A Donegal surf school is embracing the drive to eradicate plastic by becoming one of the first outlets in the world to stock wooden boards.
For a decade now NaRosa Surf School, based in Dunfanaghy, has been drawing ocean-lovers from across the globe to Donegal’s coast. And in many ways it has been the lightning rod for the economic upturn the town has enjoyed in recent times.
All summer surfers have been flocking to NaRosa to avail of the expertise of co-founders Lee Wood, Duncan Halliday and their team.
From Bloody Foreland up to Fanad, the waters – and by extension the restaurants, shops and pubs – have rarely been empty with young professionals, kids camps and groups from as far away as Russia all looking to ride the waves.
Not content with being one of the coolest businesses on the planet in the county officially recognised as the coolest place on the planet though, NaRosa is now taking an ethical stance as well.
At the weekend enthusiasts gathered in the surf school, located in what used to a bank on Dunfanaghy’s main street, for the launch of one of the world’s first wooden surf boards. The product is the brainchild of furniture manufacturer Philippe Hetier.
Born near the French Alps but based in Clonmel, Philippe is regarded as one of the finest woodcrafters in Ireland.
A keen surfer himself, he spent years developing a wooden board to compete with the traditional polyurethane boards used the world over.
And with the spotlight focused more today than ever on the amount of plastic we use and the plastic ending up in our oceans, it looks like Philippe and the team at NaRosa could just have hit on their hands.
What Philippe has come up with is a board from made from 97 per-cent natural product and that is as light if not lighter, more durable and more aesthetically pleasing than most models on the market.
From an environmental point of view, Philippe believes his creation could make a “big difference”.
The master craftsman explained, “The trigger was splitting two boards in half in a single day.
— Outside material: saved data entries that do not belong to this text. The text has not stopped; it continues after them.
lemma sum_face_pairs_cancel:
  fixes f :: "nat \<Rightarrow> nat \<Rightarrow> 'b::ab_group_add"
  assumes antisym: "\<And>i j. 1 \<le> j \<Longrightarrow> j < i \<Longrightarrow> i < Suc k \<Longrightarrow> f j (i - 1) = - f i j"
  shows "(\<Sum>i\<in>{1..<Suc k}. \<Sum>j\<in>{1..<k}. f i j) = 0"
proof -
  let ?P = "{1..<Suc k} \<times> {1..<k}"
  let ?below = "{p \<in> ?P. snd p < fst p}" and ?above = "{p \<in> ?P. \<not> snd p < fst p}"
  have swap: "bij_betw (\<lambda>(i, j). (j, i - 1)) ?below ?above"
    by (rule bij_betw_byWitness[where f' = "\<lambda>(j, i). (i + 1, j)"]) auto
  have "(\<Sum>p\<in>?above. f (fst p) (snd p)) = (\<Sum>(i, j)\<in>?below. f j (i - 1))"
    using sum.reindex_bij_betw[OF swap, of "\<lambda>p. f (fst p) (snd p)"] by (simp add: split_def)
  also have "\<dots> = - (\<Sum>p\<in>?below. f (fst p) (snd p))"
    unfolding sum_negf[symmetric] by (rule sum.cong) (use antisym in auto)
  finally have "(\<Sum>p\<in>?below. f (fst p) (snd p)) + (\<Sum>p\<in>?above. f (fst p) (snd p)) = 0"
    by simp
  moreover have "(\<Sum>p\<in>?P. f (fst p) (snd p))
      = (\<Sum>p\<in>?below. f (fst p) (snd p)) + (\<Sum>p\<in>?above. f (fst p) (snd p))"
    by (subst sum.union_disjoint[symmetric]) (auto intro: sum.cong)
  ultimately show ?thesis by (simp add: sum.cartesian_product split_def)
qed

section \<open>Lengths of tuples in a graph of diameter two\<close>

definition hdist :: "('a \<Rightarrow> 'a \<Rightarrow> bool) \<Rightarrow> 'a \<Rightarrow> 'a \<Rightarrow> nat" where
  "hdist E u v = (if u = v then 0 else if E u v then 1 else 2)"

lemma hdist_eq_2_iff: "hdist E u v = 2 \<longleftrightarrow> u \<noteq> v \<and> \<not> E u v"
  by (simp add: hdist_def)

lemma hdist_triangle: "hdist E u w \<le> hdist E u v + hdist E v w"
  by (auto simp: hdist_def)

fun hlen :: "('a \<Rightarrow> 'a \<Rightarrow> bool) \<Rightarrow> 'a list \<Rightarrow> nat" where
  "hlen E (a # b # xs) = hdist E a b + hlen E (b # xs)"
| "hlen E _ = 0"

lemma hlen_conv_sum: "hlen E xs = (\<Sum>i < length xs - 1. hdist E (xs ! i) (xs ! Suc i))"
  by (induction E xs rule: hlen.induct) (simp_all del: sum.lessThan_Suc add: sum.lessThan_Suc_shift)

lemma hlen_del_at:
  "0 < i \<Longrightarrow> Suc i < length xs \<Longrightarrow>
    hlen E xs + hdist E (xs ! (i - 1)) (xs ! Suc i)
      = hlen E (del_at i xs) + hdist E (xs ! (i - 1)) (xs ! i) + hdist E (xs ! i) (xs ! Suc i)"
proof (induction xs arbitrary: i)
  case (Cons a xs)
  show ?case
  proof (cases "i = 1")
    case True
    then obtain b c rest where "xs = b # c # rest"
      using Cons.prems by (cases xs; cases "tl xs") auto
    then show ?thesis using True by (simp add: del_at_def)
  next
    case False
    then obtain i' where i': "i = Suc i'" "0 < i'" using Cons.prems by (cases i) auto
    then obtain b xs' where xs: "xs = b # xs'" using Cons.prems by (cases xs) auto
    have "del_at i (a # xs) = a # del_at i' xs" using i' by (simp add: del_at_def)
    moreover have "del_at i' xs = b # del_at (i' - 1) xs'"
      using i' xs by (cases i') (auto simp: del_at_def)
    ultimately show ?thesis using Cons.IH[of i'] Cons.prems i' xs by (simp add: del_at_def)
  qed
qed simp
It was not very cost effective so seven or eight years ago I started looking at different techniques until we got to where we are today. That was one aspect of it.
“The second aspect is environmental. Today everyone is complaining about plastic and as surfers we would be closer to nature than most people. But the industry does not provide a product that is close to nature.
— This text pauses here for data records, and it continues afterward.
lemma DW_point_conj:
  fixes H A Ai G :: "complex \<Rightarrow> complex"
  assumes H: "\<And>z. norm z < 1 \<Longrightarrow> norm (H z) < 1"
    and A: "\<And>z. norm z < 1 \<Longrightarrow> norm (A z) < 1"
    and Ai: "\<And>y. norm y < 1 \<Longrightarrow> norm (Ai y) < 1"
    and A_Ai: "\<And>y. norm y < 1 \<Longrightarrow> A (Ai y) = y"
    and Ai_A: "\<And>y. norm y < 1 \<Longrightarrow> Ai (A y) = y"
    and G: "\<And>z. norm z < 1 \<Longrightarrow> G z = Ai (H (A z))"
    and DW: "DW_point H z0" and Ai_cont: "isCont Ai z0" and Ai_z0: "norm (Ai z0) \<le> 1"
  shows "DW_point G (Ai z0)"
proof -
  have iter: "(G ^^ n) z = Ai ((H ^^ n) (A z)) \<and> norm ((H ^^ n) (A z)) < 1" if z: "norm z < 1" for z n
  proof (induction n)
    case 0 then show ?case using z A Ai_A by simp
  next
    case (Suc n)
    then have "(G ^^ Suc n) z = Ai (H (A (Ai ((H ^^ n) (A z)))))" using G Ai by simp
    then show ?case using Suc A_Ai H by simp
  qed
  have "(\<lambda>n. (G ^^ n) z) \<longlonglongrightarrow> Ai z0" if z: "norm z < 1" for z
  proof -
    have "(\<lambda>n. (H ^^ n) (A z)) \<longlonglongrightarrow> z0" using DW A z unfolding DW_point_def by auto
    then have "(\<lambda>n. Ai ((H ^^ n) (A z))) \<longlonglongrightarrow> Ai z0" by (rule isCont_tendsto_compose[OF Ai_cont])
    then show ?thesis using iter[OF z] by simp
  qed
  then show ?thesis unfolding DW_point_def using Ai_z0 by simp
qed

lemma deriv_conj_fixed_point:
  fixes H A Ai G :: "complex \<Rightarrow> complex"
  assumes H: "H field_differentiable at z0" and fixed: "H z0 = z0"
    and A: "A field_differentiable at (Ai z0)" and Ai: "Ai field_differentiable at z0"
    and A_Ai: "A (Ai z0) = z0"
    and G: "\<forall>\<^sub>F y in nhds (Ai z0). G y = Ai (H (A y))"
    and Ai_A: "\<forall>\<^sub>F y in nhds (Ai z0). Ai (A y) = y"
  shows "deriv G (Ai z0) = deriv H z0"
proof -
  obtain dA where dA: "(A has_field_derivative dA) (at (Ai z0))"
    using A field_differentiable_def by blast
  obtain dAi where dAi: "(Ai has_field_derivative dAi) (at z0)"
    using Ai field_differentiable_def by blast
  obtain dH where dH: "(H has_field_derivative dH) (at z0)"
    using H field_differentiable_def by blast
  have dAi': "(Ai has_field_derivative dAi) (at (A (Ai z0)))" using dAi A_Ai by simp
  have dH': "(H has_field_derivative dH) (at (A (Ai z0)))" using dH A_Ai by simp
  have dAi'': "(Ai has_field_derivative dAi) (at (H (A (Ai z0))))" using dAi A_Ai fixed by simp
  have "((\<lambda>y. Ai (A y)) has_field_derivative dAi * dA) (at (Ai z0))"
    using DERIV_chain2[OF dAi' dA] .
  then have "((\<lambda>y. y) has_field_derivative dAi * dA) (at (Ai z0))"
    using DERIV_cong_ev[OF refl Ai_A refl] by blast
  then have chain_rule_inverse: "dAi * dA = 1" using DERIV_unique DERIV_ident by blast
  have "((\<lambda>y. Ai (H (A y))) has_field_derivative dAi * (dH * dA)) (at (Ai z0))"
    using DERIV_chain2[OF dAi'' DERIV_chain2[OF dH' dA]] .
  then have "(G has_field_derivative dAi * (dH * dA)) (at (Ai z0))"
    using DERIV_cong_ev[OF refl G refl] by blast
  then show ?thesis
    using DERIV_imp_deriv[OF dH] chain_rule_inverse by (simp add: DERIV_imp_deriv algebra_simps)
qed
lemma beta_mu_update:
  assumes "u < k2S P"
  shows "beta P (th\<lparr>mu := (mu th)(u := v)\<rparr>) l = beta P th l + GS P u l * (v - mu th u)"
  using assms
  by (simp add: beta_def sum_fun_upd[where h = "\<lambda>k x. GS P k l * x"] algebra_simps
      del: fun_upd_apply)

lemma grad_al_pair_update:
  assumes "i \<noteq> j" "i < nS P" "j < nS P"
  shows "grad_al P (th\<lparr>al := (al th)(i := al th i + t, j := al th j - t)\<rparr>) m
           = grad_al P th m + t * (QX P i m - QX P j m)"
  unfolding grad_al_def beta_al_pair_update[OF assms] QX_def
  by (simp add: algebra_simps sum.distrib sum_subtractf sum_distrib_left)

lemma grad_als_pair_update:
  assumes "i \<noteq> j" "i < nS P" "j < nS P"
  shows "grad_als P (th\<lparr>als := (als th)(i := als th i + t, j := als th j - t)\<rparr>) m
           = grad_als P th m + t * (QX P i m - QX P j m)"
  unfolding grad_als_def beta_als_pair_update[OF assms] QX_def
  by (simp add: algebra_simps sum.distrib sum_subtractf sum_distrib_left)

lemma grad_gm_update:
  assumes "u < k1S P"
  shows "grad_gm P (th\<lparr>gm := (gm th)(u := v)\<rparr>) u
           = grad_gm P th u + (v - gm th u) * (\<Sum>l<pS P. (AS P u l)\<^sup>2)"
  using assms
  by (simp add: grad_gm_def beta_gm_update algebra_simps power2_eq_square sum.distrib sum_subtractf
      sum_distrib_left)

lemma grad_mu_update:
  assumes "u < k2S P"
  shows "grad_mu P (th\<lparr>mu := (mu th)(u := v)\<rparr>) u
           = grad_mu P th u + (v - mu th u) * (\<Sum>l<pS P. (GS P u l)\<^sup>2)"
  using assms
  by (simp add: grad_mu_def beta_mu_update algebra_simps power2_eq_square sum.distrib sum_subtractf
      sum_distrib_left)

lemma QX_sym: "QX P i j = QX P j i"
  unfolding QX_def by (simp add: mult.commute)
lemma power_div_fact_le_exp:
  fixes x :: real
  assumes "0 \<le> x"
  shows "x ^ m / fact m \<le> exp x"
proof -
  have "(\<Sum>k\<in>{m}. x ^ k /\<^sub>R fact k) \<le> (\<Sum>k. x ^ k /\<^sub>R fact k)"
    using assms by (intro sum_le_suminf[OF summable_exp_generic]) auto
  then show ?thesis by (simp add: exp_def divide_inverse mult.commute)
qed

text \<open>From (m choose 2) \<le> m^2 and m^m / m! \<le> e^m, the latter applied twice.\<close>
lemma dense_witness_term_le:
  fixes p :: real
  assumes "0 \<le> p"
  shows "real (n choose m) * real ((m choose 2) choose m) * p ^ m \<le> (exp 2 * real n * p) ^ m"
proof -
  have "real (m choose 2) \<le> real m ^ 2"
    using binomial_fact_pow[of m 2] by (simp add: of_nat_le_iff[symmetric] del: of_nat_le_iff)
  then have "real ((m choose 2) choose m) \<le> (real m ^ 2) ^ m / fact m"
    using of_nat_choose_le_power_div_fact[of "m choose 2" m]
    by (smt (verit) divide_right_mono fact_ge_zero of_nat_0_le_iff power_mono)
  then have "real (n choose m) * real ((m choose 2) choose m) * p ^ m
      \<le> (real n ^ m / fact m) * ((real m ^ 2) ^ m / fact m) * p ^ m"
    using of_nat_choose_le_power_div_fact[of n m] assms
    by (intro mult_mono mult_nonneg_nonneg) auto
  also have "\<dots> = real n ^ m * (real m ^ m / fact m) * (real m ^ m / fact m) * p ^ m"
    by (simp add: power_mult[symmetric] power2_eq_square power_mult_distrib mult.commute)
  also have "\<dots> \<le> real n ^ m * exp (real m) * exp (real m) * p ^ m"
    using power_div_fact_le_exp[of "real m" m] assms by (intro mult_mono mult_nonneg_nonneg) auto
  also have "\<dots> = (exp 2 * real n * p) ^ m"
    by (simp add: power_mult_distrib exp_of_nat_mult[symmetric] exp_add[symmetric])
  finally show ?thesis .
qed

lemma geometric_sum_le:
  fixes x :: real
  assumes "0 \<le> x" "x < 1"
  shows "(\<Sum>m=1..n. x ^ m) \<le> x / (1 - x)"
  using assms by (auto simp: sum_gp divide_right_mono)

lemma prob_good_event_le:
  fixes p :: real
  assumes "2 \<le> d" "0 \<le> p" "p \<le> 1" "exp 2 * real n * p \<le> 1/8"
  shows "prob_gnp n p (good_event conn d n k) \<le> 1/7"
proof -
  let ?x = "exp 2 * real n * p"
  have "0 \<le> ?x" using assms by simp
  have "prob_gnp n p (good_event conn d n k) \<le> prob_gnp n p (has_dense_subgraph n)"
    using assms good_event_imp_has_dense_subgraph by (intro prob_gnp_mono) auto
  also have "\<dots> \<le> (\<Sum>m=1..n. real (n choose m) * real ((m choose 2) choose m) * p ^ m)"
    using assms(2,3) by (rule prob_has_dense_subgraph)
  also have "\<dots> \<le> (\<Sum>m=1..n. ?x ^ m)"
    using assms by (intro sum_mono dense_witness_term_le) auto
  also have "\<dots> \<le> ?x / (1 - ?x)"
    using \<open>0 \<le> ?x\<close> assms by (intro geometric_sum_le) auto
  also have "\<dots> \<le> 1/7"
    using \<open>0 \<le> ?x\<close> assms by (simp add: field_simps)
  finally show ?thesis .
qed

lemma u_gen_eq_0:
  fixes p :: real
  assumes "2 \<le> d" "0 \<le> p" "p \<le> 1" "exp 2 * real n * p \<le> 1/8"
  shows "u_gen conn d n p = 0"
proof -
  have "\<not> prob_gnp n p (good_event conn d n k) > 1/2" for k
    using prob_good_event_le[OF assms, of conn k] by linarith
  then show ?thesis unfolding u_gen_def by auto
qed

theorem theorem13:
  fixes p :: "nat \<Rightarrow> real"
  assumes "\<And>n. 0 \<le> p n \<and> p n \<le> 1"
    and "p \<in> o(\<lambda>n. 1 / real n)"
  shows "\<forall>\<^sub>F n in sequentially. u 2 n (p n) = 0 \<and> u' 2 n (p n) = 0"
proof -
  have "\<forall>\<^sub>F n in sequentially. norm (p n) \<le> 1 / (8 * exp 2) * norm (1 / real n)"
    using assms(2) by (rule landau_o.smallD) simp
  then show ?thesis
    using eventually_gt_at_top[of 0]
  proof eventually_elim
    case (elim n)
    then have "exp 2 * real n * p n \<le> 1/8"
      using assms(1)[of n] by (simp add: field_simps)
    then show ?case
      unfolding u_def u'_def using assms(1)[of n] by (simp add: u_gen_eq_0)
  qed
qed

end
“The last aspect was about creating a preference for a wooden board. We are there to have fun and if you are getting more out of one than the other already, then you are going to back to that one. That was the most difficult part, developing the technology and the same weight as a foam board.
“It took a bit of time but now we are at the stage where we are happy to go ahead with it.”
Wooden surf boards are not a new idea. Since the 1990s builders have been toying with the concept but none, until now, have been deemed a serious alternative to the big players like Rip Curl, Firewire and JS.
“Traditionally wooden boards would have been heavy and a bit gimmicky. These perform like a normal board,” said NaRosa’s Lee Wood.
Anyone looking to invest in one of Philippe Hetier’s boards should be prepared to pay that bit extra. The cost though should be off-set by longevity.
“If you are surfing at a high level you would want to be turning over your board at six months. The pro-tour guys will get through 50-100 boards in a year. Take care of one of these and there is no reason it couldn’t last you ten years,” added Lee.
Convincing people that the added cost is money well spent will be a hurdle, Philippe admits, but not an insurmountable one.
“People understand the craftmanship and the cost of making one. It will take time but hopefully they will see that there is a saving to be made, not just for themselves but for the earth.”
Wooden surf boards are another string to the bow of a small company already making a big difference.
NaRosa started almost by accident, both Lee and Duncan moving to Dunfanaghy more for the love of the location and its rugged, perfect-for-surfing beaches rather than with any plans for a business.
“We nearly started this off the coast of Scotland but on a whim we came here. Really we just packed our bags and it all started from there,” reveals Lee.
As recently as late September NaRosa was welcoming tourists through the door and the diary remains busy over the winter months.
“At the end of September we had a group of Russians here surfing. Legitimately you could take a crowd of people to Moscow and they could drink, eat and party 24 hours per day, seven days a week.
“For two weeks here they go no further than Bloody Foreland and Fanad lighthouse and they are entertained to the highest degree with surfing. They love it and in terms of the area, they spent 12 nights here, so it’s brilliant for the local economy. Having 18 surfers out-of-season is a big boost and the spend in the town is fantastic.”
Coffee shops, yoga classes, craft stores have all popped up in the buildings around NaRosa and today Dunfanaghy is one of the busiest little towns in the county. And the team is firmly focused on keeping the positive wave they have made created going well into the future.
“They haven’t found a way to charge us for using the ocean and they haven’t brought in a fresh air tax yet,” laughs Lee.